What is needed
Your answer should consist only of the lines below from the one with "s) = (\<lambda>p." through the one with "s) \<in> borel_measurable", copied exactly.

=== Records for this exercise ===

lemma nn_integral_Hardy_kernel_le:
  fixes g :: "real \<Rightarrow> ennreal"
  assumes [measurable]: "g \<in> borel_measurable borel"
  shows "(\<integral>\<^sup>+x. ennreal (2 * x powr (-3/2)) * indicator {0<..L} x * (\<integral>\<^sup>+s\<in>{0<..x}. g s \<partial>lborel) \<partial>lborel)
    \<le> (\<integral>\<^sup>+s. g s * indicator {0<..L} s * ennreal (4 / sqrt s) \<partial>lborel)"
proof -
  define F where "F x s = ennreal (2 * x powr (-3/2)) * indicator {0<..L} x * (g s * indicator {0<..x} s)" for x s
  have "case_prod (\<lambda>s x. F x s) = (\<lambda>p. ennreal (2 * snd p powr (-3/2)) * indicator {0<..L} (snd p)
      * (g (fst p) * (if 0 < fst p \<and> fst p \<le> snd p then 1 else 0)))"
    by (auto simp: F_def indicator_def fun_eq_iff)
  also have "\<dots> \<in> borel_measurable (lborel \<Otimes>\<^sub>M lborel)"
    by measurable
  finally have F_measurable: "case_prod (\<lambda>s x. F x s) \<in> borel_measurable (lborel \<Otimes>\<^sub>M lborel)" .
  have "(\<integral>\<^sup>+x. ennreal (2 * x powr (-3/2)) * indicator {0<..L} x * (\<integral>\<^sup>+s\<in>{0<..x}. g s \<partial>lborel) \<partial>lborel)
      = (\<integral>\<^sup>+x. \<integral>\<^sup>+s. F x s \<partial>lborel \<partial>lborel)"
    unfolding F_def by (intro nn_integral_cong nn_integral_cmult[symmetric]) measurable
  also have "\<dots> = (\<integral>\<^sup>+s. \<integral>\<^sup>+x. F x s \<partial>lborel \<partial>lborel)"
    by (rule lborel_pair.Fubini'[OF F_measurable])
  also have "\<dots> = (\<integral>\<^sup>+s. g s * indicator {0<..L} s * (\<integral>\<^sup>+x\<in>{s..L}. ennreal (2 * x powr (-3/2)) \<partial>lborel) \<partial>lborel)"
  proof (intro nn_integral_cong)
    fix s
    have "(\<integral>\<^sup>+x. F x s \<partial>lborel)
        = (\<integral>\<^sup>+x. g s * indicator {0<..L} s * (ennreal (2 * x powr (-3/2)) * indicator {s..L} x) \<partial>lborel)"
      by (intro nn_integral_cong) (auto simp: F_def indicator_def mult.commute)
    also have "\<dots> = g s * indicator {0<..L} s * (\<integral>\<^sup>+x\<in>{s..L}. ennreal (2 * x powr (-3/2)) \<partial>lborel)"
      by (rule nn_integral_cmult) measurable
    finally show "(\<integral>\<^sup>+x. F x s \<partial>lborel) = \<dots>" .
  qed
  also have "\<dots> \<le> (\<integral>\<^sup>+s. g s * indicator {0<..L} s * ennreal (4 / sqrt s) \<partial>lborel)"
  proof (intro nn_integral_mono)
    fix s
    show "g s * indicator {0<..L} s * (\<integral>\<^sup>+x\<in>{s..L}. ennreal (2 * x powr (-3/2)) \<partial>lborel)
        \<le> g s * indicator {0<..L} s * ennreal (4 / sqrt s)"
      using nn_integral_powr_neg_three_halves_le[of s L]
      by (cases "s \<in> {0<..L}") (auto intro!: mult_left_mono)
  qed
  finally show ?thesis .
qed

lemma Hardy_inequality:
  fixes v w :: "real \<Rightarrow> real"
  assumes [measurable]: "v \<in> borel_measurable borel"
    and w_le: "\<And>x. 0 < x \<Longrightarrow> x \<le> L \<Longrightarrow>
      ennreal \<bar>w x\<bar> \<le> (\<integral>\<^sup>+s\<in>{0<..x}. ennreal \<bar>v s\<bar> \<partial>lborel)"
  shows "(\<integral>\<^sup>+x\<in>{0<..L}. ennreal ((w x)\<^sup>2 / x\<^sup>2) \<partial>lborel)
    \<le> 4 * (\<integral>\<^sup>+s\<in>{0<..L}. ennreal ((v s)\<^sup>2) \<partial>lborel)"
proof -
  define A where "A x = (\<integral>\<^sup>+s\<in>{0<..x}. ennreal ((v s)\<^sup>2 * s powr (1/2)) \<partial>lborel)" for x
  have pointwise: "ennreal ((w x)\<^sup>2 / x\<^sup>2) \<le> ennreal (2 * x powr (-3/2)) * A x"
    if x: "0 < x" "x \<le> L" for x
  proof -
    have "ennreal ((w x)\<^sup>2) = (ennreal \<bar>w x\<bar>)\<^sup>2"
      by (simp add: ennreal_power)
    also have "\<dots> \<le> (\<integral>\<^sup>+s\<in>{0<..x}. ennreal \<bar>v s\<bar> \<partial>lborel)\<^sup>2"
      using w_le[OF x] by (intro power_mono) auto
    also have "\<dots> \<le> ennreal (2 * sqrt x) * A x"
      unfolding A_def using x(1) by (rule Cauchy_Schwarz_nn_integral_Ioc) measurable
    finally have "ennreal ((w x)\<^sup>2) * ennreal (1 / x\<^sup>2) \<le> ennreal (2 * sqrt x) * A x * ennreal (1 / x\<^sup>2)"
      by (rule mult_right_mono) simp
    moreover have "2 * sqrt x * (1 / x\<^sup>2) = 2 * x powr (-3/2)"
    proof -
      have "x powr (3/2) = x * sqrt x"
        using x powr_add[of x 1 "1/2"] by (simp add: powr_half_sqrt)
      then show ?thesis
        using x by (simp add: powr_minus power2_eq_square field_simps)
    qed
    ultimately show ?thesis
      using x by (simp add: ennreal_mult'[symmetric] mult_ac)
  qed
  have "(\<integral>\<^sup>+x\<in>{0<..L}. ennreal ((w x)\<^sup>2 / x\<^sup>2) \<partial>lborel)
      \<le> (\<integral>\<^sup>+x. ennreal (2 * x powr (-3/2)) * indicator {0<..L} x * A x \<partial>lborel)"
  proof (intro nn_integral_mono)
    fix x
    show "ennreal ((w x)\<^sup>2 / x\<^sup>2) * indicator {0<..L} x \<le> ennreal (2 * x powr (-3/2)) * indicator {0<..L} x * A x"
      using pointwise[of x] by (cases "x \<in> {0<..L}") (auto simp: mult.commute)
  qed
  also have "\<dots> \<le> (\<integral>\<^sup>+s. ennreal ((v s)\<^sup>2 * s powr (1/2)) * indicator {0<..L} s * ennreal (4 / sqrt s) \<partial>lborel)"
    unfolding A_def by (rule nn_integral_Hardy_kernel_le) measurable
  also have "\<dots> = (\<integral>\<^sup>+s. 4 * (ennreal ((v s)\<^sup>2) * indicator {0<..L} s) \<partial>lborel)"
  proof (intro nn_integral_cong)
    fix s
    have "0 < s \<Longrightarrow> ennreal ((v s)\<^sup>2 * s powr (1/2)) * ennreal (4 / sqrt s) = 4 * ennreal ((v s)\<^sup>2)"
      by (simp add: powr_half_sqrt ennreal_mult'[symmetric]) (simp add: ennreal_mult' mult.commute)
    then show "ennreal ((v s)\<^sup>2 * s powr (1/2)) * indicator {0<..L} s * ennreal (4 / sqrt s)
        = 4 * (ennreal ((v s)\<^sup>2) * indicator {0<..L} s)"
      by (cases "s \<in> {0<..L}") (simp_all add: mult_ac)
  qed
  also have "\<dots> = 4 * (\<integral>\<^sup>+s\<in>{0<..L}. ennreal ((v s)\<^sup>2) \<partial>lborel)"
    by (rule nn_integral_cmult) measurable
  finally show ?thesis .
qed

lemma nn_integral_shift_Ioc:
  fixes f :: "real \<Rightarrow> ennreal"
  assumes "f \<in> borel_measurable borel"
  shows "(\<integral>\<^sup>+x\<in>{x0<..x0 + L}. f x \<partial>lborel) = (\<integral>\<^sup>+s\<in>{0<..L}. f (x0 + s) \<partial>lborel)"
  using nn_integral_real_affine[of "\<lambda>x. f x * indicator {x0<..x0 + L} x" 1 x0] assms
  by (simp add: indicator_def)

===

Exercise answer
  have "case_prod (\<lambda>s x. F x s) = (\<lambda>p. ennreal (2 * snd p powr (-3/2)) * indicator {0<..L} (snd p)
      * (g (fst p) * (if 0 < fst p \<and> fst p \<le> snd p then 1 else 0)))"
    by (auto simp: F_def indicator_def fun_eq_iff)
  also have "\<dots> \<in> borel_measurable (lborel \<Otimes>\<^sub>M lborel)"
    by measurable
  finally have F_measurable: "case_prod (\<lambda>s x. F x s) \<in> borel_measurable (lborel \<Otimes>\<^sub>M lborel)" .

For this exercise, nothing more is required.